Secondary use of routinely collected data from electronic healthcare databases (EHDs) is often used in such studies because it is usually faster and cheaper than primary data collection.

A review of pharmaceutical industry-sponsored studies evaluating the effectiveness of risk-minimisation measures submitted to the European Medicines Agency (EMA) for cardiovascular, endocrinology or metabolic drugs authorised between 1995 and 2015 found that EHDs were used in 53% of studies evaluating routine risk-minimisation measures and in 31% of studies evaluating additional risk-minimisation measures.4 A second review of 189 PASS assessed by the EMA between 2012 and 2015 and registered in the EU electronic Register of Post-Authorisation Studies (EU PAS Register) reported that secondary use of routinely collected data was found in 33.3% of PASS, and 58% among these leveraged electronic health records (EHRs).5 A third review of a different set of studies registered in the EU PAS Register as of December 2016 found that 117 studies (37%) used an existing claims or electronic medical records database.6 A fourth review evaluating studies which measured the impact of regulatory interventions found that claims databases were used in 45% of studies, while EHRs were used in 22% of them, the latter being the most used type of data sources for such studies.7 The frequent use of EHDs in observational studies was also reported in a wider context in a review of the abstracts of presentations made at the International Conference for Pharmacoepidemiology: 53% (in 2000) and 51% (in 2005) of submitted EU pharmacoepidemiological studies were conducted using automated general practice, pharmacy or claims data.8

The fact that between 30% and 50% of observational postauthorisation studies use EHDs as their main data source reflects the importance of these data sources to support regulatory decision-making.1 9 On the other hand, the use of EHDs in preauthorisation research is currently limited and mostly focused on providing historical control data or understanding the natural history of the disease.

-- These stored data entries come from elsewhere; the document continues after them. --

(* Let $f:\mathbb{F}_q^n\to\mathbb{F}_q^n$ be a monomial dynamical system. Then $f$ is a fixed point system if and only if both $T(f):\mathbb{F}_2^n\to\mathbb{F}_2^n$ and $L(f):(\mathbb{Z}/(q-1))^n\to(\mathbb{Z}/(q-1))^n$ are fixed point systems.
   Context: A monomial system $f=(f_1,\dots,f_n):\mathbb{F}_q^n\to\mathbb{F}_q^n$ has $f_i=x_1^{a_{i1}}\cdots x_n^{a_{in}}$ with exponent matrix $A=(a_{ij})$, $a_{ij}\in\mathbb{Z}_{\ge0}$. $T(f)=(g_1,\dots,g_n)$ is the Boolean monomial system with $g_i=x_1^{v_{i1}}\cdots x_n^{v_{in}}$, where $v_{ij}=1$ if $a_{ij}\ne0$ and $v_{ij}=0$ otherwise. $L(f)$ is the linear map $\mathbf s\mapsto A\mathbf s$ over the ring $\mathbb{Z}/(q-1)$. A map $h:X\to X$ on a finite set is a fixed point system if every periodic point is fixed: $h^k(x)=x$ for some $k\ge1$ implies $h(x)=x$. *)

theory Defs
  imports "HOL-Analysis.Analysis" "HOL-Library.Z2"
begin

definition fixed_point_system_on :: "'x set \<Rightarrow> ('x \<Rightarrow> 'x) \<Rightarrow> bool" where
  "fixed_point_system_on X h \<longleftrightarrow>
     (\<forall>x\<in>X. (\<exists>k\<ge>1. (h ^^ k) x = x) \<longrightarrow> h x = x)"

text \<open>Monomial system with exponent matrix A: f_i(x) = prod_j x_j^(A i j) (with 0^0 = 1).\<close>
definition monomial_system :: "('n::finite \<Rightarrow> 'n \<Rightarrow> nat) \<Rightarrow> 'a::comm_ring_1 ^ 'n \<Rightarrow> 'a ^ 'n" where
  "monomial_system A x = (\<chi> i. \<Prod>j\<in>UNIV. (x $ j) ^ (A i j))"

text \<open>T(f): Boolean monomial system over F_2 (type bit) with the support matrix of A.\<close>
definition T_sys :: "('n::finite \<Rightarrow> 'n \<Rightarrow> nat) \<Rightarrow> bit ^ 'n \<Rightarrow> bit ^ 'n" where
  "T_sys A = monomial_system (\<lambda>i j. if A i j \<noteq> 0 then 1 else 0)"

text \<open>(Z/m)^n represented by the vectors with entries in {0..<m}.\<close>
definition Zmod_vecs :: "nat \<Rightarrow> (nat ^ 'n::finite) set" where
  "Zmod_vecs m = {s. \<forall>i. s $ i < m}"

definition L_sys :: "nat \<Rightarrow> ('n::finite \<Rightarrow> 'n \<Rightarrow> nat) \<Rightarrow> nat ^ 'n \<Rightarrow> nat ^ 'n" where
  "L_sys m A s = (\<chi> i. (\<Sum>j\<in>UNIV. A i j * s $ j) mod m)"

end

(*
  Split a point of F_q^n into its zero pattern, a point of F_2^n, and its nonzero
  entries. The zero pattern of f(x) is T(f) applied to the zero pattern of x, and on the
  0/1 vectors, a copy of F_2^n inside F_q^n, f acts as T(f). On the torus of vectors with
  nonzero entries, a generator g of the cyclic group of units of F_q turns s into the
  vector g^s and so conjugates L(f) to f. Hence T(f) and L(f) are subsystems of f, which
  gives one direction.
  Conversely, let x be periodic for f. Its zero pattern is periodic, hence fixed, for
  T(f), so all iterates of x have the same support S, and on S they agree with the
  iterates of the torus point y obtained from x by replacing its zeros by 1. The orbit of
  y reaches a periodic torus point, which is fixed because L(f) is a fixed point system.
  So some iterate of x is fixed, and a periodic point whose orbit contains a fixed point
  is itself fixed.
*)
theory Submission
  imports Defs "HOL-Algebra.Multiplicative_Group" "HOL-Algebra.Algebraic_Closure_Type"
begin

section \<open>Fixed point systems and semiconjugacies\<close>

lemma funpow_semiconj_on:
  assumes "k ` U \<subseteq> U" "\<And>x. x \<in> U \<Longrightarrow> h (\<sigma> x) = \<sigma> (k x)" "x \<in> U"
  shows "(h ^^ n) (\<sigma> x) = \<sigma> ((k ^^ n) x)"
proof (induction n)
  case (Suc n)
  have "(k ^^ n) x \<in> U"
    using assms(1,3) by (induction n) auto
  with Suc show ?case
    using assms(2) by simp
qed simp

lemma fixed_point_system_on_subset:
  "U \<subseteq> V \<Longrightarrow> fixed_point_system_on V h \<Longrightarrow> fixed_point_system_on U h"
  unfolding fixed_point_system_on_def by blast

lemma fixed_point_system_on_embedding:
  assumes "inj_on \<sigma> U" "\<sigma> ` U \<subseteq> V" "k ` U \<subseteq> U" "\<And>x. x \<in> U \<Longrightarrow> h (\<sigma> x) = \<sigma> (k x)"
    and "fixed_point_system_on V h"
  shows "fixed_point_system_on U k"
  unfolding fixed_point_system_on_def
proof (intro ballI impI)
  fix x assume "x \<in> U" "\<exists>n\<ge>1. (k ^^ n) x = x"
  then obtain n where "n \<ge> 1" "(k ^^ n) x = x"
    by blast
  then have "(h ^^ n) (\<sigma> x) = \<sigma> x"
    using funpow_semiconj_on[of k U h \<sigma> x n] assms(3,4) \<open>x \<in> U\<close> by simp
  then have "h (\<sigma> x) = \<sigma> x"
    using assms(2,5) \<open>x \<in> U\<close> \<open>n \<ge> 1\<close> unfolding fixed_point_system_on_def by blast
  then have "\<sigma> (k x) = \<sigma> x"
    using assms(4) \<open>x \<in> U\<close> by simp
  then show "k x = x"
    using assms(1,3) \<open>x \<in> U\<close> by (auto dest: inj_onD)
qed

As regulatory decisions based on EHDs may have a considerable impact on public health, the quality of the information, the validity and reproducibility of the derived results require close attention, especially when combining data from several data sources or when the original data is transformed before analysis.10–12 It has been emphasised that the same level of scientific rigour should be employed irrespective of the study design and data source to be used, and that the strengths and weaknesses of each data source should be considered.13 The speed at which the results could be generated is an additional important consideration, particularly for regulatory purpose.9 14 15 By considering the characteristics of the data sources and the research objectives to be addressed, the investigators should be able to choose the most appropriate resource(s) to address the question at hand. However, while some authors provide a detailed description of the databases used in their study,16–19 in other cases the description is often incomplete, and a justification for their choice in the context of alternative data sources is rarely provided.18 The International Society of Pharmacoepidemiology has developed guidelines to support the selection and use of data sources for observational research by highlighting potential limitations of databases and recommending testing procedures. The guidelines also provide a checklist covering six areas: database selection, use of multiple data resources, extraction and analysis of the study population, privacy and security, quality and validation procedures and documentation.20 The availability of an inventory of European databases describing the main characteristics, conditions of access and validation performed would support investigators to identify databases suitable for their research question. Moreover, knowledge of the characteristics of the data sources used in a postauthorisation study would enhance regulators’ confidence in the evidence derived from such data and ultimately in the usefulness of the study in the decision-making process.21 22

The main objective of this study is to provide an inventory of EHDs and describe their key characteristics and availability with the aim to support stakeholders in their choice of the data source when conducting a postauthorisation study.

Methods

Identification of EHDs

As a first step, we identified existing EHDs in Europe by screening the following sources: the European Network of Centres for Pharmacoepidemiology and Pharmacovigilance (ENCePP) resources database,21 web-based search engines,22 textbooks on clinical pharmacoepidemiology,23 24 publicly available inventories created for European Commission-funded research projects and databases used in EMA-funded postauthorisation studies.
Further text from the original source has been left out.